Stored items
---*---
(* n-qubit Pauli product sigma_q, q \<in> {0,1,2,3}^n encoded as m < 4^n via base-4 digits *)
definition pauli_n :: "nat \<Rightarrow> nat \<Rightarrow> nat \<Rightarrow> nat \<Rightarrow> complex" where
  "pauli_n n m a b = (\<Prod>j<n. pauli1 ((m div 4 ^ j) mod 4) (bit_of a j) (bit_of b j))"

definition trace_prod :: "nat \<Rightarrow> (nat \<Rightarrow> nat \<Rightarrow> complex) \<Rightarrow> (nat \<Rightarrow> nat \<Rightarrow> complex) \<Rightarrow> complex" where
  "trace_prod n A W = (\<Sum>a<2^n. \<Sum>b<2^n. A a b * W b a)"

(* Pauli vector of a Hermitian 2^n x 2^n matrix W: coordinates 2^{-n/2} Tr[sigma_q W], q < 4^n
   (real for Hermitian W; we take the real part to land in R^{4^n}) *)
definition pauli_vec :: "nat \<Rightarrow> (nat \<Rightarrow> nat \<Rightarrow> complex) \<Rightarrow> nat \<Rightarrow> real" where
  "pauli_vec n W m = Re (trace_prod n (pauli_n n m) W) / sqrt (2 ^ n)"

definition rho :: "nat \<Rightarrow> nat \<Rightarrow> nat \<Rightarrow> nat \<Rightarrow> nat \<Rightarrow> nat \<Rightarrow> complex" where
  "rho p g k x a b = phi p g k x a * cnj (phi p g k x b)"

definition xtilde :: "nat \<Rightarrow> nat \<Rightarrow> nat \<Rightarrow> nat \<Rightarrow> nat \<Rightarrow> nat \<Rightarrow> real" where
  "xtilde n p g k x i = (if i < 4 ^ n then pauli_vec n (rho p g k x) i else if i = 4 ^ n then 1 else 0) / sqrt 2"

definition vinner :: "nat \<Rightarrow> (nat \<Rightarrow> real) \<Rightarrow> (nat \<Rightarrow> real) \<Rightarrow> real" where
  "vinner d v u = (\<Sum>i<d. v i * u i)"

definition vnorm :: "nat \<Rightarrow> (nat \<Rightarrow> real) \<Rightarrow> real" where
  "vnorm d v = sqrt (\<Sum>i<d. (v i)\<^sup>2)"

definition prob_units :: "nat \<Rightarrow> (nat \<Rightarrow> bool) \<Rightarrow> real" where
  "prob_units p P = real (card {x \<in> {1..p - 1}. P x}) / real (p - 1)"

end

theory Submission
  imports Defs
begin

(* Since the Pauli matrices are orthogonal, the Pauli vector is an isometry from Hermitian
   matrices with the Hilbert-Schmidt inner product into R^(4^n).  Hence
   <x^, x'^> = Tr(rho_x rho_x') = |<phi(x)|phi(x')>|^2, which gives (4), and (1) because the window
   x, x g, ..., x g^(2^k - 1) consists of 2^k distinct residues.
   For (2) and (3) take the real symmetric matrix W whose entry at (a, b) is sqrt 2 2^-k f_s(a) when
   a and b are units with the same label whose discrete logarithms differ cyclically by less than
   2^k, and 0 otherwise.  Then <(W^, 0), x~> = Tr(W rho_x) / sqrt 2 is the average of W over the
   window of x, which has absolute value at most 1 and equals f_s(x) unless the window crosses one
   of the two ends of the arc of positive labels; only 2 * 2^k points x have such a window.  Each
   row of W has at most 2 * 2^k nonzero entries, so the squared norm of W is at most
   4 (p - 1) / 2^k <= (8 + 2 Delta^2) / Delta^2, and the free entry at (0, 0) tops it up exactly. *)

section \<open>Orthogonality of the Pauli basis\<close>

lemma pauli1_cnj: "cnj (pauli1 q a b) = pauli1 q b a"
  by (auto simp: pauli1_def)

lemma pauli1_completeness:
  assumes "a < 2" "b < 2" "c < 2" "d < 2"
  shows "(\<Sum>q<4. pauli1 q a b * cnj (pauli1 q c d)) = (if a = c \<and> b = d then 2 else 0)"
proof -
  have "a = 0 \<or> a = 1" "b = 0 \<or> b = 1" "c = 0 \<or> c = 1" "d = 0 \<or> d = 1"
    using assms by auto
  then show ?thesis
    by (auto simp: pauli1_def eval_nat_numeral complex_eq_iff)
qed

lemma sum_lessThan_4_mult:
  fixes h :: "nat \<Rightarrow> 'a::comm_monoid_add"
  shows "(\<Sum>m<4 * N. h m) = (\<Sum>m<N. \<Sum>r<4. h (4 * m + r))"
  by (induction N) (simp_all add: eval_nat_numeral add_ac)

lemma sum_prod_base4_digits:
  fixes F :: "nat \<Rightarrow> nat \<Rightarrow> 'a::comm_semiring_1"
  shows "(\<Sum>m<4^n. \<Prod>j<n. F j ((m div 4^j) mod 4)) = (\<Prod>j<n. \<Sum>q<4. F j q)"
proof (induction n arbitrary: F)
  case 0
  then show ?case by simp
next
  case (Suc n)
  have digit: "((4 * m + r) div (4 * 4^j)) mod 4 = (m div 4^j) mod 4" if "r < 4" for m r j :: nat
  proof -
    have "(4 * m + r) div (4 * 4^j) = ((4 * m + r) div 4) div 4^j"
      by (simp add: div_mult2_eq)
    then show ?thesis
      using that by simp
  qed
  have "(\<Sum>m<4^Suc n. \<Prod>j<Suc n. F j ((m div 4^j) mod 4))
      = (\<Sum>m<4^n. \<Sum>r<4. \<Prod>j<Suc n. F j (((4 * m + r) div 4^j) mod 4))"
    by (simp add: sum_lessThan_4_mult)
  also have "\<dots> = (\<Sum>m<4^n. \<Sum>r<4. F 0 r * (\<Prod>j<n. F (Suc j) ((m div 4^j) mod 4)))"
    by (intro sum.cong refl) (simp only: prod.lessThan_Suc_shift, simp add: digit)
  also have "\<dots> = (\<Sum>r<4. F 0 r) * (\<Sum>m<4^n. \<Prod>j<n. F (Suc j) ((m div 4^j) mod 4))"
    by (simp add: sum_distrib_left sum_distrib_right)
  also have "\<dots> = (\<Prod>j<Suc n. \<Sum>q<4. F j q)"
    using Suc.IH[of "\<lambda>j. F (Suc j)"] by (simp only: prod.lessThan_Suc_shift)
  finally show ?case .
qed

lemma bit_of_less_2: "bit_of a j < 2"
  by (simp add: bit_of_def)

lemma eq_if_bit_of_eq:
  "a < 2^n \<Longrightarrow> c < 2^n \<Longrightarrow> (\<forall>j<n. bit_of a j = bit_of c j) \<Longrightarrow> a = c"
proof (induction n arbitrary: a c)
  case 0
  then show ?case by simp
next
  case (Suc n)
  have bit_of_Suc: "bit_of x (Suc j) = bit_of (x div 2) j" for x j
    by (simp add: bit_of_def div_mult2_eq)
  have "a div 2 = c div 2"
    using Suc.prems by (intro Suc.IH) (auto simp: bit_of_Suc)
  moreover have "a mod 2 = c mod 2"
    using Suc.prems(3) by (auto simp: bit_of_def)
  ultimately show ?case
    by (metis div_mult_mod_eq)
qed

lemma pauli_n_cnj: "cnj (pauli_n n m a b) = pauli_n n m b a"
  by (simp add: pauli_n_def cnj_prod pauli1_cnj)

lemma pauli_n_completeness:
  assumes "a < 2^n" "b < 2^n" "c < 2^n" "d < 2^n"
  shows "(\<Sum>m<4^n. pauli_n n m a b * cnj (pauli_n n m c d)) = (if a = c \<and> b = d then 2^n else 0)"
proof -
  let ?match = "\<lambda>j. bit_of a j = bit_of c j \<and> bit_of b j = bit_of d j"
  have "(\<Sum>m<4^n. pauli_n n m a b * cnj (pauli_n n m c d))
      = (\<Prod>j<n. \<Sum>q<4. pauli1 q (bit_of a j) (bit_of b j) * cnj (pauli1 q (bit_of c j) (bit_of d j)))"
    unfolding pauli_n_def cnj_prod prod.distrib[symmetric]
    by (rule sum_prod_base4_digits[where
          F = "\<lambda>j q. pauli1 q (bit_of a j) (bit_of b j) * cnj (pauli1 q (bit_of c j) (bit_of d j))"])
  also have "\<dots> = (\<Prod>j<n. if ?match j then 2 else 0)"
    by (simp add: pauli1_completeness bit_of_less_2)
  also have "\<dots> = (if a = c \<and> b = d then 2^n else 0)"
  proof (cases "a = c \<and> b = d")
    case True
    then show ?thesis by simp
  next
    case False
    then have "\<exists>j<n. \<not> ?match j"
      using eq_if_bit_of_eq[of a n c] eq_if_bit_of_eq[of b n d] assms by blast
    then show ?thesis
      using False by (auto intro: prod_zero)
  qed
  finally show ?thesis .
qed

(* Stated as cnj (W a b) = W b a, so that the unfolded definition is a terminating rewrite rule. *)
definition hermitian :: "(nat \<Rightarrow> nat \<Rightarrow> complex) \<Rightarrow> bool" where
  "hermitian W \<longleftrightarrow> (\<forall>a b. cnj (W a b) = W b a)"

lemma Im_trace_prod_pauli_n:
  assumes "hermitian W"
  shows "Im (trace_prod n (pauli_n n m) W) = 0"
proof -
  have "cnj (trace_prod n (pauli_n n m) W) = (\<Sum>a<2^n. \<Sum>b<2^n. pauli_n n m b a * W a b)"
    using assms by (simp add: trace_prod_def pauli_n_cnj hermitian_def)
  also have "\<dots> = trace_prod n (pauli_n n m) W"
    unfolding trace_prod_def by (rule sum.swap)
  finally show ?thesis
    by (simp add: complex_eq_iff)
qed

lemma sum_nested4_swap_outer:
  "(\<Sum>m\<in>M. \<Sum>a\<in>A. \<Sum>b\<in>B. \<Sum>c\<in>C. \<Sum>d\<in>D. f m a b c d)
     = (\<Sum>a\<in>A. \<Sum>b\<in>B. \<Sum>c\<in>C. \<Sum>d\<in>D. \<Sum>m\<in>M. f m a b c d)"
  by (subst sum.swap, rule sum.cong[OF refl], subst sum.swap, rule sum.cong[OF refl],
      subst sum.swap, rule sum.cong[OF refl], subst sum.swap, rule refl)

lemma sum_sum_delta:
  fixes F :: "'a \<Rightarrow> 'b \<Rightarrow> 'c::comm_monoid_add"
  assumes "finite C" "finite D" "a \<in> C" "b \<in> D"
  shows "(\<Sum>c\<in>C. \<Sum>d\<in>D. if c = a then if d = b then F c d else 0 else 0) = F a b"
proof -
  have "(\<Sum>c\<in>C. \<Sum>d\<in>D. if c = a then if d = b then F c d else 0 else 0)
      = (\<Sum>c\<in>C. if c = a then (\<Sum>d\<in>D. if d = b then F c d else 0) else 0)"
    by (intro sum.cong) auto
  then show ?thesis
    using assms by (simp add: sum.delta)
qed

lemma pauli_vec_inner:
  assumes "hermitian B"
  shows "(\<Sum>m<4^n. pauli_vec n A m * pauli_vec n B m) = (\<Sum>a<2^n. \<Sum>b<2^n. Re (A a b * cnj (B a b)))"
proof -
  define T where "T W m = trace_prod n (pauli_n n m) W" for W m
  have expand: "T A m * cnj (T B m) = (\<Sum>a<2^n. \<Sum>b<2^n. \<Sum>c<2^n. \<Sum>d<2^n.
      (pauli_n n m a b * A b a) * (cnj (pauli_n n m c d) * cnj (B d c)))" for m
    unfolding T_def trace_prod_def cnj_sum complex_cnj_mult
    by (simp only: sum_distrib_right) (simp only: sum_distrib_left)
  have completeness: "(\<Sum>m<4^n. (pauli_n n m a b * A b a) * (cnj (pauli_n n m c d) * cnj (B d c)))
      = (if c = a then if d = b then 2^n * (A b a * cnj (B d c)) else 0 else 0)"
    if "a < 2^n" "b < 2^n" "c < 2^n" "d < 2^n" for a b c d
  proof -
    have "(\<Sum>m<4^n. (pauli_n n m a b * A b a) * (cnj (pauli_n n m c d) * cnj (B d c)))
        = (\<Sum>m<4^n. pauli_n n m a b * cnj (pauli_n n m c d)) * (A b a * cnj (B d c))"
      unfolding sum_distrib_right by (intro sum.cong refl) (simp add: mult_ac)
    then show ?thesis
      using that by (auto simp: pauli_n_completeness)
  qed
  have "(\<Sum>m<4^n. T A m * cnj (T B m))
      = (\<Sum>a<2^n. \<Sum>b<2^n. \<Sum>c<2^n. \<Sum>d<2^n.
           if c = a then if d = b then 2^n * (A b a * cnj (B d c)) else 0 else 0)"
    unfolding expand by (subst sum_nested4_swap_outer) (intro sum.cong refl completeness; simp)
  also have "\<dots> = (\<Sum>a<2^n. \<Sum>b<2^n. 2^n * (A b a * cnj (B b a)))"
    by (intro sum.cong refl sum_sum_delta) auto
  also have "\<dots> = 2^n * (\<Sum>a<2^n. \<Sum>b<2^n. A a b * cnj (B a b))"
    by (subst sum.swap) (simp add: sum_distrib_left)
  finally have sum_T: "(\<Sum>m<4^n. T A m * cnj (T B m)) = 2^n * (\<Sum>a<2^n. \<Sum>b<2^n. A a b * cnj (B a b))" .
  have "pauli_vec n A m * pauli_vec n B m = Re (T A m * cnj (T B m)) / 2^n" for m
    using Im_trace_prod_pauli_n[OF assms, of n m]
    by (simp add: pauli_vec_def T_def power2_eq_square[symmetric])
  then have "(\<Sum>m<4^n. pauli_vec n A m * pauli_vec n B m) = Re (\<Sum>m<4^n. T A m * cnj (T B m)) / 2^n"
    by (simp add: sum_divide_distrib Re_sum)
  then show ?thesis
    by (simp add: sum_T Re_sum)
qed

section \<open>Real amplitudes of the feature states\<close>

definition phi_amp :: "nat \<Rightarrow> nat \<Rightarrow> nat \<Rightarrow> nat \<Rightarrow> nat \<Rightarrow> real" where
  "phi_amp p g k x j = (\<Sum>i<2^k. if (x * g ^ i) mod p = j then 1 else 0) / sqrt (2 ^ k)"

lemma phi_eq_of_real_amp: "phi p g k x j = complex_of_real (phi_amp p g k x j)"
  by (simp add: phi_def phi_amp_def of_real_sum if_distrib cong: if_cong)

lemma rho_eq_of_real_amp: "rho p g k x a b = complex_of_real (phi_amp p g k x a * phi_amp p g k x b)"
  by (simp add: rho_def phi_eq_of_real_amp)

lemma hermitian_rho: "hermitian (rho p g k x)"
  by (simp add: hermitian_def rho_eq_of_real_amp)

lemma braket_eq_of_real_amp:
  "braket n p g k x x' = complex_of_real (\<Sum>j<2^n. phi_amp p g k x j * phi_amp p g k x' j)"
  by (simp add: braket_def phi_eq_of_real_amp of_real_sum)

lemma sum_mult_fibre_count:
  fixes h :: "'a \<Rightarrow> 'b::comm_semiring_1"
  assumes "finite A" "finite I" "u ` I \<subseteq> A"
  shows "(\<Sum>a\<in>A. h a * (\<Sum>i\<in>I. if u i = a then 1 else 0)) = (\<Sum>i\<in>I. h (u i))"
proof -
  have "(\<Sum>a\<in>A. h a * (\<Sum>i\<in>I. if u i = a then 1 else 0))
      = (\<Sum>i\<in>I. \<Sum>a\<in>A. if u i = a then h a else 0)"
    by (simp add: sum_distrib_left if_distrib[of "\<lambda>z. h _ * z"] cong: if_cong) (rule sum.swap)
  also have "\<dots> = (\<Sum>i\<in>I. h (u i))"
    using assms by (intro sum.cong refl) (auto simp: sum.delta')
  finally show ?thesis .
qed
(* Suppose $\rho=(\rho_i)_{i=1}^I \in C(\mathbb{R}_+,\mathbb{R}_+)^I$, and let $\psi_i(u):=\int_0^u \rho_i(u')du'$. Then $\rho \in \mathcal{D}_{\mathrm{density}}$ if and only if $\psi \in \mathcal{D}^2$.
   Context: Fix $I\in\mathbb{N}$. $\mathcal{C}=\{f\in C(\mathbb{R}_+,\mathbb{R}_+):f(0)=0,f\text{ non-decreasing}\}$, $\mathcal{C}^\uparrow=\{f\in\mathcal{C}:f\text{ strictly increasing},\lim_{u\to\infty}f(u)=\infty\}$, $\mathcal{C}^q=\{f\in\mathcal{C}:f^{\mathbb{R}}\in C^q(\mathbb{R},\mathbb{R})\}$ where $f^{\mathbb{R}}$ extends $f$ by $0$ on $(-\infty,0)$. For $\psi\in\mathcal{C}^I$, $\phi_i(u)=u-\sum_{j=1}^I2(i\wedge j)\psi_j(u)$. $\mathcal{D}=\{\psi\in\mathcal{C}^I:\phi_I\in\mathcal{C}^\uparrow,\sum_ii\sup_{u_1\neq u_2}\frac{\psi_i(u_1)-\psi_i(u_2)}{\phi_i(u_1)-\phi_i(u_2)}<\frac12\}$, $\mathcal{D}^2=\mathcal{D}\cap(\mathcal{C}^2)^I$. $\mathcal{C}^1(\mathbb{R}_+,\mathbb{R}_+)$: functions $f:\mathbb{R}_+\to\mathbb{R}_+$ whose extension by $0$ on $(-\infty,0)$ is $C^1$ on $\mathbb{R}$. $\mathcal{D}_{\mathrm{density}}$: the set of $\rho\in\mathcal{C}^1(\mathbb{R}_+,\mathbb{R}_+)^I$ with $\sum_{i=1}^I2i\rho_i(u)<1$ for all $u\ge0$ and $\sum_{i=1}^Ii\sup_u\frac{\rho_i(u)}{1-\sum_{j=1}^I2(i\wedge j)\rho_j(u)}<\frac12$. *)

theory Defs
  imports "HOL-Analysis.Analysis"
begin

definition ext0 :: "(real \<Rightarrow> real) \<Rightarrow> real \<Rightarrow> real" where
  "ext0 f = (\<lambda>x. if x < 0 then 0 else f x)"

fun Ck :: "nat \<Rightarrow> (real \<Rightarrow> real) \<Rightarrow> bool" where
  "Ck 0 f = continuous_on UNIV f"
| "Ck (Suc k) f = ((\<forall>x. f differentiable (at x)) \<and> Ck k (deriv f))"

definition in_C :: "(real \<Rightarrow> real) \<Rightarrow> bool" where
  "in_C f \<longleftrightarrow> continuous_on {0..} f \<and> (\<forall>u\<ge>0. f u \<ge> 0) \<and> f 0 = 0 \<and> mono_on {0..} f"

definition in_C_up :: "(real \<Rightarrow> real) \<Rightarrow> bool" where
  "in_C_up f \<longleftrightarrow> in_C f \<and> strict_mono_on {0..} f \<and> filterlim f at_top at_top"

definition in_Cq :: "nat \<Rightarrow> (real \<Rightarrow> real) \<Rightarrow> bool" where
  "in_Cq q f \<longleftrightarrow> in_C f \<and> Ck q (ext0 f)"

definition phi :: "nat \<Rightarrow> (nat \<Rightarrow> real \<Rightarrow> real) \<Rightarrow> nat \<Rightarrow> real \<Rightarrow> real" where
  "phi I \<psi> i u = u - (\<Sum>j=1..I. 2 * real (min i j) * \<psi> j u)"

definition in_D :: "nat \<Rightarrow> (nat \<Rightarrow> real \<Rightarrow> real) \<Rightarrow> bool" where
  "in_D I \<psi> \<longleftrightarrow> (\<forall>i\<in>{1..I}. in_C (\<psi> i)) \<and> in_C_up (phi I \<psi> I) \<and>
     (\<Sum>i=1..I. ereal (real i) *
        (SUP p\<in>{(u1,u2). u1 \<ge> 0 \<and> u2 \<ge> 0 \<and> u1 \<noteq> u2}.
           ereal ((\<psi> i (fst p) - \<psi> i (snd p)) / (phi I \<psi> i (fst p) - phi I \<psi> i (snd p)))))
     < ereal (1/2)"

definition in_D2 :: "nat \<Rightarrow> (nat \<Rightarrow> real \<Rightarrow> real) \<Rightarrow> bool" where
  "in_D2 I \<psi> \<longleftrightarrow> in_D I \<psi> \<and> (\<forall>i\<in>{1..I}. in_Cq 2 (\<psi> i))"

definition in_C1_plus :: "(real \<Rightarrow> real) \<Rightarrow> bool" where
  "in_C1_plus f \<longleftrightarrow> (\<forall>u\<ge>0. f u \<ge> 0) \<and> Ck 1 (ext0 f)"

definition in_D_density :: "nat \<Rightarrow> (nat \<Rightarrow> real \<Rightarrow> real) \<Rightarrow> bool" where
  "in_D_density I \<rho> \<longleftrightarrow> (\<forall>i\<in>{1..I}. in_C1_plus (\<rho> i)) \<and>
     (\<forall>u\<ge>0. (\<Sum>i=1..I. 2 * real i * \<rho> i u) < 1) \<and>
     (\<Sum>i=1..I. ereal (real i) *
        (SUP u\<in>{0::real..}.
           ereal (\<rho> i u / (1 - (\<Sum>j=1..I. 2 * real (min i j) * \<rho> j u)))))
     < ereal (1/2)"

end

theory Submission
  imports Defs
begin

(* Write phi_i' = 1 - sum_j 2 (i min j) rho_j for the derivative of phi_i. Both conditions are
   equivalent to the existence of constants c_i >= 0 with sum_i i c_i < 1/2 and
   rho_i <= c_i phi_i' on R+. For D_density take c_i = sup rho_i / phi_i'. For D, the
   difference quotients of psi_i with respect to phi_i are bounded by c_i iff c_i phi_i - psi_i
   is non-decreasing, i.e. iff its derivative c_i phi_i' - rho_i is nonnegative. Conversely,
   since phi_i' <= 1 such constants give rho_i <= c_i, hence phi_I' >= 1 - 2 sum_i i c_i > 0;
   this is the strict inequality required in D_density, and it makes phi_I grow at least
   linearly, and every phi_i strictly increasing because phi_i - phi_I is non-decreasing.
   The regularity conditions match because the extension by zero of psi_i is C^2 iff that of
   rho_i is C^1, either one forcing rho_i 0 = 0. *)

lemma sum_weighted_ereal_less_iff:
  fixes w :: "'a \<Rightarrow> real" and S :: "'a \<Rightarrow> ereal"
  assumes "finite A" and w_pos: "\<And>i. i \<in> A \<Longrightarrow> 0 < w i" and S_nonneg: "\<And>i. i \<in> A \<Longrightarrow> 0 \<le> S i"
  shows "(\<Sum>i\<in>A. ereal (w i) * S i) < ereal b \<longleftrightarrow>
    (\<exists>c. (\<forall>i\<in>A. 0 \<le> c i \<and> S i \<le> ereal (c i)) \<and> (\<Sum>i\<in>A. w i * c i) < b)"
proof
  assume less: "(\<Sum>i\<in>A. ereal (w i) * S i) < ereal b"
  define c where "c i = real_of_ereal (S i)" for i
  have "S i \<noteq> \<infinity>" if "i \<in> A" for i
  proof
    assume "S i = \<infinity>"
    then have "ereal (w i) * S i = \<infinity>" using w_pos[OF that] by simp
    then have "(\<Sum>i\<in>A. ereal (w i) * S i) = \<infinity>"
      using sum_Pinfty \<open>finite A\<close> that by blast
    with less show False by simp
  qed
  then have S_eq: "S i = ereal (c i)" if "i \<in> A" for i
    using S_nonneg[OF that] that unfolding c_def by (cases "S i") auto
  have "(\<Sum>i\<in>A. ereal (w i) * S i) = ereal (\<Sum>i\<in>A. w i * c i)"
    by (simp add: S_eq)
  then have "(\<Sum>i\<in>A. w i * c i) < b" using less by simp
  moreover have "0 \<le> c i" if "i \<in> A" for i
    unfolding c_def using S_nonneg[OF that] by (simp add: real_of_ereal_pos)
  ultimately show "\<exists>c. (\<forall>i\<in>A. 0 \<le> c i \<and> S i \<le> ereal (c i)) \<and> (\<Sum>i\<in>A. w i * c i) < b"
    using S_eq by auto
next
  assume "\<exists>c. (\<forall>i\<in>A. 0 \<le> c i \<and> S i \<le> ereal (c i)) \<and> (\<Sum>i\<in>A. w i * c i) < b"
  then obtain c where c: "\<And>i. i \<in> A \<Longrightarrow> S i \<le> ereal (c i)" and less: "(\<Sum>i\<in>A. w i * c i) < b"
    by blast
  have "(\<Sum>i\<in>A. ereal (w i) * S i) \<le> (\<Sum>i\<in>A. ereal (w i) * ereal (c i))"
    using c w_pos by (intro sum_mono ereal_mult_left_mono) (auto simp: less_imp_le)
  also have "\<dots> = ereal (\<Sum>i\<in>A. w i * c i)" by simp
  also have "\<dots> < ereal b" using less by simp
  finally show "(\<Sum>i\<in>A. ereal (w i) * S i) < ereal b" .
qed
---*---
_WHAT THE TASK ASKS_: Would you retype exactly the lines above, from the line with "by (intro sum.cong) auto" to the line with "(T B m)) = 2^n", with both end lines kept and nothing more?

_RESPONSE TO THE EXERCISE_:
    by (intro sum.cong) auto
  then show ?thesis
    using assms by (simp add: sum.delta)
qed

lemma pauli_vec_inner:
  assumes "hermitian B"
  shows "(\<Sum>m<4^n. pauli_vec n A m * pauli_vec n B m) = (\<Sum>a<2^n. \<Sum>b<2^n. Re (A a b * cnj (B a b)))"
proof -
  define T where "T W m = trace_prod n (pauli_n n m) W" for W m
  have expand: "T A m * cnj (T B m) = (\<Sum>a<2^n. \<Sum>b<2^n. \<Sum>c<2^n. \<Sum>d<2^n.
      (pauli_n n m a b * A b a) * (cnj (pauli_n n m c d) * cnj (B d c)))" for m
    unfolding T_def trace_prod_def cnj_sum complex_cnj_mult
    by (simp only: sum_distrib_right) (simp only: sum_distrib_left)
  have completeness: "(\<Sum>m<4^n. (pauli_n n m a b * A b a) * (cnj (pauli_n n m c d) * cnj (B d c)))
      = (if c = a then if d = b then 2^n * (A b a * cnj (B d c)) else 0 else 0)"
    if "a < 2^n" "b < 2^n" "c < 2^n" "d < 2^n" for a b c d
  proof -
    have "(\<Sum>m<4^n. (pauli_n n m a b * A b a) * (cnj (pauli_n n m c d) * cnj (B d c)))
        = (\<Sum>m<4^n. pauli_n n m a b * cnj (pauli_n n m c d)) * (A b a * cnj (B d c))"
      unfolding sum_distrib_right by (intro sum.cong refl) (simp add: mult_ac)
    then show ?thesis
      using that by (auto simp: pauli_n_completeness)
  qed
  have "(\<Sum>m<4^n. T A m * cnj (T B m))
      = (\<Sum>a<2^n. \<Sum>b<2^n. \<Sum>c<2^n. \<Sum>d<2^n.
           if c = a then if d = b then 2^n * (A b a * cnj (B d c)) else 0 else 0)"
    unfolding expand by (subst sum_nested4_swap_outer) (intro sum.cong refl completeness; simp)
  also have "\<dots> = (\<Sum>a<2^n. \<Sum>b<2^n. 2^n * (A b a * cnj (B b a)))"
    by (intro sum.cong refl sum_sum_delta) auto
  also have "\<dots> = 2^n * (\<Sum>a<2^n. \<Sum>b<2^n. A a b * cnj (B a b))"
    by (subst sum.swap) (simp add: sum_distrib_left)
  finally have sum_T: "(\<Sum>m<4^n. T A m * cnj (T B m)) = 2^n * (\<Sum>a<2^n. \<Sum>b<2^n. A a b * cnj (B a b))" .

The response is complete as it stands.